Please output exactly the part of the records below that opens with the line containing "WK by blast" and closes with the line containing "obtain m where", both lines included, and nothing else.

----

text \<open>Indecomposability applied to the cover \<open>W\<^sub>j = \<Union>\<^sub>k (W\<^sub>j - W\<^sub>k)\<close>, followed by bounding the
  resulting small set of indices \<open>k\<close> by a single \<open>m\<close>.\<close>
lemma tail_union_positive_drop:
  assumes reg: "regular_cardinal \<Theta>" and idl: "ideal_on K I"
    and ind: "indecomposable \<Theta> K I"
    and pos: "\<forall>i\<in>Field \<Theta>. Z i \<subseteq> Field K \<and> Z i \<notin> I"
    and point_small: "\<forall>\<alpha>\<in>Field K. |{i \<in> Field \<Theta>. \<alpha> \<in> Z i}| <o \<Theta>"
    and j: "j \<in> Field \<Theta>"
  shows "\<exists>m. (j, m) \<in> \<Theta> \<and> tail_union \<Theta> Z j - tail_union \<Theta> Z m \<notin> I"
proof -
  let ?W = "tail_union \<Theta> Z"
  have wo: "Well_order \<Theta>"
    using reg card_order_on_well_order_on by (auto simp: regular_cardinal_def)
  have ZK: "\<forall>i\<in>Field \<Theta>. Z i \<subseteq> Field K" using pos by blast
  have WK: "?W k \<subseteq> Field K" for k using tail_union_subset[OF ZK] .
  have "Z j \<subseteq> ?W j" using j Well_order_refl[OF wo] unfolding tail_union_def by blast
  then have "?W j \<notin> I" using pos j ideal_on_subset[OF idl] by blast
  moreover have "(\<Union>k\<in>Field \<Theta>. ?W j - ?W k) = ?W j"
    by (rule UN_tail_union_Diff[OF reg ZK point_small])
  moreover have "\<forall>k\<in>Field \<Theta>. ?W j - ?W k \<subseteq> Field K" using WK by blast
  ultimately obtain w where w: "w \<subseteq> Field \<Theta>" "|w| <o \<Theta>" "(\<Union>k\<in>w. ?W j - ?W k) \<notin> I"
    using indecomposableD[OF ind, of "\<lambda>k. ?W j - ?W k"] by auto
  obtain m where m: "m \<in> Field \<Theta>" "\<forall>k\<in>w. (k, m) \<in> \<Theta> \<and> k \<noteq> m"
    using small_sets_boundedD[OF small_sets_bounded_regular_cardinal[OF reg] w(1,2)] by blast
  have "?W j - ?W k \<subseteq> ?W j - ?W m" if "k \<in> w" for k
  proof -
    have "(k, m) \<in> \<Theta>" using m(2) that by blast
    then have "?W m \<subseteq> ?W k" by (rule tail_union_antimono[OF wo])
    then show ?thesis by blast
  qed
  then have "(\<Union>k\<in>w. ?W j - ?W k) \<subseteq> ?W j - ?W m" by (rule UN_least)
  then have drop: "?W j - ?W m \<notin> I" using w(3) ideal_on_subset[OF idl] by blast
  moreover have "(j, m) \<in> \<Theta>"
  proof (rule ccontr)
    assume "(j, m) \<notin> \<Theta>"
    then have "(m, j) \<in> \<Theta>" using Well_order_total[OF wo m(1) j] by blast
    then have "?W j \<subseteq> ?W m" by (rule tail_union_antimono[OF wo])
    then show False using drop ideal_on_empty[OF idl] by (metis Diff_eq_empty_iff)
  qed
  ultimately show ?thesis by blast
qed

----

Answer to the problem:
  moreover have "\<forall>k\<in>Field \<Theta>. ?W j - ?W k \<subseteq> Field K" using WK by blast
  ultimately obtain w where w: "w \<subseteq> Field \<Theta>" "|w| <o \<Theta>" "(\<Union>k\<in>w. ?W j - ?W k) \<notin> I"
    using indecomposableD[OF ind, of "\<lambda>k. ?W j - ?W k"] by auto
  obtain m where m: "m \<in> Field \<Theta>" "\<forall>k\<in>w. (k, m) \<in> \<Theta> \<and> k \<noteq> m"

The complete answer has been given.